#### What to produce
From first line to last, write out the data precisely as shown.

Records from a collection
(* Let $\rho_S$ be a symmetric state on $\mathbb{C}^3\otimes\mathbb{C}^3$ of the form $$\rho_S=\sum_{0\le i\le j\le 2}p_{ij}\,|D_{ij}\rangle\langle D_{ij}| \;+\;\big(\alpha\,|D_{11}\rangle\langle D_{02}| + \alpha^*\,|D_{02}\rangle\langle D_{11}|\big),$$ with $p_{ij}\ge0$, $\sum p_{ij}=1$, whose coefficients satisfy $p_{11}=2p_{02}=\sqrt{2}\,\alpha$. Then $\rho_S$ is separable if and only if it is PPT.
   Context: The two-qutrit Dicke states are $|D_{ii}\rangle=|ii\rangle$ and $|D_{ij}\rangle=(|ij\rangle+|ji\rangle)/\sqrt2$ for $i\ne j$, with $\{|0\rangle,|1\rangle,|2\rangle\}$ the computational basis of $\mathbb{C}^3$. Separable means a convex combination of product states $|a\rangle\langle a|\otimes|b\rangle\langle b|$; PPT means the partial transpose with respect to one subsystem is positive semidefinite. *)

theory Defs
  imports Complex_Main "HOL-Library.Numeral_Type"
begin

text \<open>Two-qutrit operators: a qutrit basis is indexed by the finite type 3 = {0,1,2};
  an operator on C^3 (x) C^3 is a function on pairs of basis indices (3 \<times> 3).\<close>

type_synonym ket9 = "3 \<times> 3 \<Rightarrow> complex"
type_synonym op9 = "3 \<times> 3 \<Rightarrow> 3 \<times> 3 \<Rightarrow> complex"

definition dicke :: "3 \<Rightarrow> 3 \<Rightarrow> ket9" where
  "dicke i j = (\<lambda>(a, b).
     if i = j then (if a = i \<and> b = i then 1 else 0)
     else (if (a = i \<and> b = j) \<or> (a = j \<and> b = i) then 1 / complex_of_real (sqrt 2) else 0))"

definition outer :: "ket9 \<Rightarrow> ket9 \<Rightarrow> op9" where
  "outer u v = (\<lambda>x y. u x * cnj (v y))"

definition psd :: "op9 \<Rightarrow> bool" where
  "psd M \<longleftrightarrow> (\<forall>x y. M y x = cnj (M x y)) \<and>
     (\<forall>v :: ket9. 0 \<le> Re (\<Sum>x\<in>UNIV. \<Sum>y\<in>UNIV. cnj (v x) * M x y * v y))"

definition trace9 :: "op9 \<Rightarrow> complex" where
  "trace9 M = (\<Sum>x\<in>UNIV. M x x)"

definition is_state :: "op9 \<Rightarrow> bool" where
  "is_state M \<longleftrightarrow> psd M \<and> trace9 M = 1"

definition partial_transpose :: "op9 \<Rightarrow> op9" where
  "partial_transpose M = (\<lambda>(a, b) (c, d). M (a, d) (c, b))"

definition PPT :: "op9 \<Rightarrow> bool" where
  "PPT M \<longleftrightarrow> psd (partial_transpose M)"

definition unit3 :: "(3 \<Rightarrow> complex) \<Rightarrow> bool" where
  "unit3 a \<longleftrightarrow> (\<Sum>x\<in>UNIV. (cmod (a x))\<^sup>2) = 1"

definition prod_state :: "(3 \<Rightarrow> complex) \<Rightarrow> (3 \<Rightarrow> complex) \<Rightarrow> op9" where
  "prod_state a b = (\<lambda>(x1, x2) (y1, y2). a x1 * cnj (a y1) * (b x2 * cnj (b y2)))"

definition separable :: "op9 \<Rightarrow> bool" where
  "separable M \<longleftrightarrow> (\<exists>(K::nat) (w::nat \<Rightarrow> real) (a::nat \<Rightarrow> 3 \<Rightarrow> complex) (b::nat \<Rightarrow> 3 \<Rightarrow> complex).
     (\<forall>k<K. 0 \<le> w k \<and> unit3 (a k) \<and> unit3 (b k)) \<and> (\<Sum>k<K. w k) = 1 \<and>
     M = (\<lambda>x y. \<Sum>k<K. complex_of_real (w k) * prod_state (a k) (b k) x y))"

definition upper_pairs :: "(3 \<times> 3) set" where
  "upper_pairs = {(0,0), (0,1), (0,2), (1,1), (1,2), (2,2)}"

definition rhoS :: "(3 \<Rightarrow> 3 \<Rightarrow> real) \<Rightarrow> complex \<Rightarrow> op9" where
  "rhoS p \<alpha> = (\<lambda>x y.
     (\<Sum>(i, j)\<in>upper_pairs. complex_of_real (p i j) * outer (dicke i j) (dicke i j) x y)
     + \<alpha> * outer (dicke 1 1) (dicke 0 2) x y
     + cnj \<alpha> * outer (dicke 0 2) (dicke 1 1) x y)"

end

theory Submission
  imports Defs
begin

text \<open>With \<open>p11 = 2 p02 = \<surd>2 \<alpha>\<close> the state is \<open>\<Sum>n c_n |w_n\<rangle>\<langle>w_n|\<close>, where
  \<open>w_n = \<Sum>a+b=n \<surd>(C(2,a) C(2,b)) |ab\<rangle>\<close> collects the basis vectors of total degree \<open>n\<close> and
  \<open>c = (p00, p01/4, p02/2, p12/4, p22)\<close>. For \<open>v_z = (1, \<surd>2 z, z\<^sup>2)\<close> the product states
  \<open>|v_z\<rangle>\<langle>v_z| \<otimes> |v_z\<rangle>\<langle>v_z|\<close>, averaged over five phases of \<open>z\<close>, give \<open>\<Sum>n |z|^(2n) |w_n\<rangle>\<langle>w_n|\<close>,
  and \<open>|22\<rangle>\<langle>22| = |w_4\<rangle>\<langle>w_4|\<close>. So the state is separable once \<open>c_0, ..., c_4\<close> are the moments
  of a measure on \<open>[0, \<infinity>)\<close>, with an extra nonnegative mass allowed in \<open>c_4\<close>. Positivity of the
  partial transpose gives exactly positive semidefiniteness of the Hankel matrices
  \<open>(c_(i+j))\<close> for \<open>i, j \<le> 2\<close> and \<open>(c_(i+j+1))\<close> for \<open>i, j \<le> 1\<close>, and these conditions solve this truncated
  Stieltjes moment problem with at most two atoms.\<close>

section \<open>Product states and separability\<close>

lemma exhaust_3: "(x::3) = 0 \<or> x = 1 \<or> x = 2"
proof (cases x)
  case (of_int z)
  then have "z = 0 \<or> z = 1 \<or> z = 2" by auto
  then show ?thesis using of_int by auto
qed

lemma UNIV_3: "(UNIV::3 set) = {0, 1, 2}"
  using exhaust_3 by auto

lemma sum_UNIV_3: "(\<Sum>x\<in>UNIV. f x) = f (0::3) + f 1 + f 2"
  unfolding UNIV_3 by (simp add: add.assoc)

lemma sum_UNIV_pair: "(\<Sum>x\<in>UNIV. f x) = (\<Sum>a\<in>UNIV. \<Sum>b\<in>UNIV. f (a, b))"
  by (simp add: sum.cartesian_product flip: UNIV_Times_UNIV)

text \<open>Nonnegative weights are absorbed into the unnormalised vectors.\<close>

definition sep_cone :: "op9 \<Rightarrow> bool" where
  "sep_cone M \<longleftrightarrow> (\<exists>L. M = (\<lambda>x y. \<Sum>(a, b)\<leftarrow>L. prod_state a b x y))"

#### Answer to this problem
(* Let $\rho_S$ be a symmetric state on $\mathbb{C}^3\otimes\mathbb{C}^3$ of the form $$\rho_S=\sum_{0\le i\le j\le 2}p_{ij}\,|D_{ij}\rangle\langle D_{ij}| \;+\;\big(\alpha\,|D_{11}\rangle\langle D_{02}| + \alpha^*\,|D_{02}\rangle\langle D_{11}|\big),$$ with $p_{ij}\ge0$, $\sum p_{ij}=1$, whose coefficients satisfy $p_{11}=2p_{02}=\sqrt{2}\,\alpha$. Then $\rho_S$ is separable if and only if it is PPT.
   Context: The two-qutrit Dicke states are $|D_{ii}\rangle=|ii\rangle$ and $|D_{ij}\rangle=(|ij\rangle+|ji\rangle)/\sqrt2$ for $i\ne j$, with $\{|0\rangle,|1\rangle,|2\rangle\}$ the computational basis of $\mathbb{C}^3$. Separable means a convex combination of product states $|a\rangle\langle a|\otimes|b\rangle\langle b|$; PPT means the partial transpose with respect to one subsystem is positive semidefinite. *)

theory Defs
  imports Complex_Main "HOL-Library.Numeral_Type"
begin

text \<open>Two-qutrit operators: a qutrit basis is indexed by the finite type 3 = {0,1,2};
  an operator on C^3 (x) C^3 is a function on pairs of basis indices (3 \<times> 3).\<close>

type_synonym ket9 = "3 \<times> 3 \<Rightarrow> complex"
type_synonym op9 = "3 \<times> 3 \<Rightarrow> 3 \<times> 3 \<Rightarrow> complex"

definition dicke :: "3 \<Rightarrow> 3 \<Rightarrow> ket9" where
  "dicke i j = (\<lambda>(a, b).
     if i = j then (if a = i \<and> b = i then 1 else 0)
     else (if (a = i \<and> b = j) \<or> (a = j \<and> b = i) then 1 / complex_of_real (sqrt 2) else 0))"

definition outer :: "ket9 \<Rightarrow> ket9 \<Rightarrow> op9" where
  "outer u v = (\<lambda>x y. u x * cnj (v y))"

definition psd :: "op9 \<Rightarrow> bool" where
  "psd M \<longleftrightarrow> (\<forall>x y. M y x = cnj (M x y)) \<and>
     (\<forall>v :: ket9. 0 \<le> Re (\<Sum>x\<in>UNIV. \<Sum>y\<in>UNIV. cnj (v x) * M x y * v y))"

definition trace9 :: "op9 \<Rightarrow> complex" where
  "trace9 M = (\<Sum>x\<in>UNIV. M x x)"

definition is_state :: "op9 \<Rightarrow> bool" where
  "is_state M \<longleftrightarrow> psd M \<and> trace9 M = 1"

definition partial_transpose :: "op9 \<Rightarrow> op9" where
  "partial_transpose M = (\<lambda>(a, b) (c, d). M (a, d) (c, b))"

definition PPT :: "op9 \<Rightarrow> bool" where
  "PPT M \<longleftrightarrow> psd (partial_transpose M)"

definition unit3 :: "(3 \<Rightarrow> complex) \<Rightarrow> bool" where
  "unit3 a \<longleftrightarrow> (\<Sum>x\<in>UNIV. (cmod (a x))\<^sup>2) = 1"

definition prod_state :: "(3 \<Rightarrow> complex) \<Rightarrow> (3 \<Rightarrow> complex) \<Rightarrow> op9" where
  "prod_state a b = (\<lambda>(x1, x2) (y1, y2). a x1 * cnj (a y1) * (b x2 * cnj (b y2)))"

definition separable :: "op9 \<Rightarrow> bool" where
  "separable M \<longleftrightarrow> (\<exists>(K::nat) (w::nat \<Rightarrow> real) (a::nat \<Rightarrow> 3 \<Rightarrow> complex) (b::nat \<Rightarrow> 3 \<Rightarrow> complex).
     (\<forall>k<K. 0 \<le> w k \<and> unit3 (a k) \<and> unit3 (b k)) \<and> (\<Sum>k<K. w k) = 1 \<and>
     M = (\<lambda>x y. \<Sum>k<K. complex_of_real (w k) * prod_state (a k) (b k) x y))"

definition upper_pairs :: "(3 \<times> 3) set" where
  "upper_pairs = {(0,0), (0,1), (0,2), (1,1), (1,2), (2,2)}"

definition rhoS :: "(3 \<Rightarrow> 3 \<Rightarrow> real) \<Rightarrow> complex \<Rightarrow> op9" where
  "rhoS p \<alpha> = (\<lambda>x y.
     (\<Sum>(i, j)\<in>upper_pairs. complex_of_real (p i j) * outer (dicke i j) (dicke i j) x y)
     + \<alpha> * outer (dicke 1 1) (dicke 0 2) x y
     + cnj \<alpha> * outer (dicke 0 2) (dicke 1 1) x y)"

end

theory Submission
  imports Defs
begin

text \<open>With \<open>p11 = 2 p02 = \<surd>2 \<alpha>\<close> the state is \<open>\<Sum>n c_n |w_n\<rangle>\<langle>w_n|\<close>, where
  \<open>w_n = \<Sum>a+b=n \<surd>(C(2,a) C(2,b)) |ab\<rangle>\<close> collects the basis vectors of total degree \<open>n\<close> and
  \<open>c = (p00, p01/4, p02/2, p12/4, p22)\<close>. For \<open>v_z = (1, \<surd>2 z, z\<^sup>2)\<close> the product states
  \<open>|v_z\<rangle>\<langle>v_z| \<otimes> |v_z\<rangle>\<langle>v_z|\<close>, averaged over five phases of \<open>z\<close>, give \<open>\<Sum>n |z|^(2n) |w_n\<rangle>\<langle>w_n|\<close>,
  and \<open>|22\<rangle>\<langle>22| = |w_4\<rangle>\<langle>w_4|\<close>. So the state is separable once \<open>c_0, ..., c_4\<close> are the moments
  of a measure on \<open>[0, \<infinity>)\<close>, with an extra nonnegative mass allowed in \<open>c_4\<close>. Positivity of the
  partial transpose gives exactly positive semidefiniteness of the Hankel matrices
  \<open>(c_(i+j))\<close> for \<open>i, j \<le> 2\<close> and \<open>(c_(i+j+1))\<close> for \<open>i, j \<le> 1\<close>, and these conditions solve this truncated
  Stieltjes moment problem with at most two atoms.\<close>

section \<open>Product states and separability\<close>

lemma exhaust_3: "(x::3) = 0 \<or> x = 1 \<or> x = 2"
proof (cases x)
  case (of_int z)
  then have "z = 0 \<or> z = 1 \<or> z = 2" by auto
  then show ?thesis using of_int by auto
qed

lemma UNIV_3: "(UNIV::3 set) = {0, 1, 2}"
  using exhaust_3 by auto

lemma sum_UNIV_3: "(\<Sum>x\<in>UNIV. f x) = f (0::3) + f 1 + f 2"
  unfolding UNIV_3 by (simp add: add.assoc)

lemma sum_UNIV_pair: "(\<Sum>x\<in>UNIV. f x) = (\<Sum>a\<in>UNIV. \<Sum>b\<in>UNIV. f (a, b))"
  by (simp add: sum.cartesian_product flip: UNIV_Times_UNIV)

text \<open>Nonnegative weights are absorbed into the unnormalised vectors.\<close>

definition sep_cone :: "op9 \<Rightarrow> bool" where
  "sep_cone M \<longleftrightarrow> (\<exists>L. M = (\<lambda>x y. \<Sum>(a, b)\<leftarrow>L. prod_state a b x y))"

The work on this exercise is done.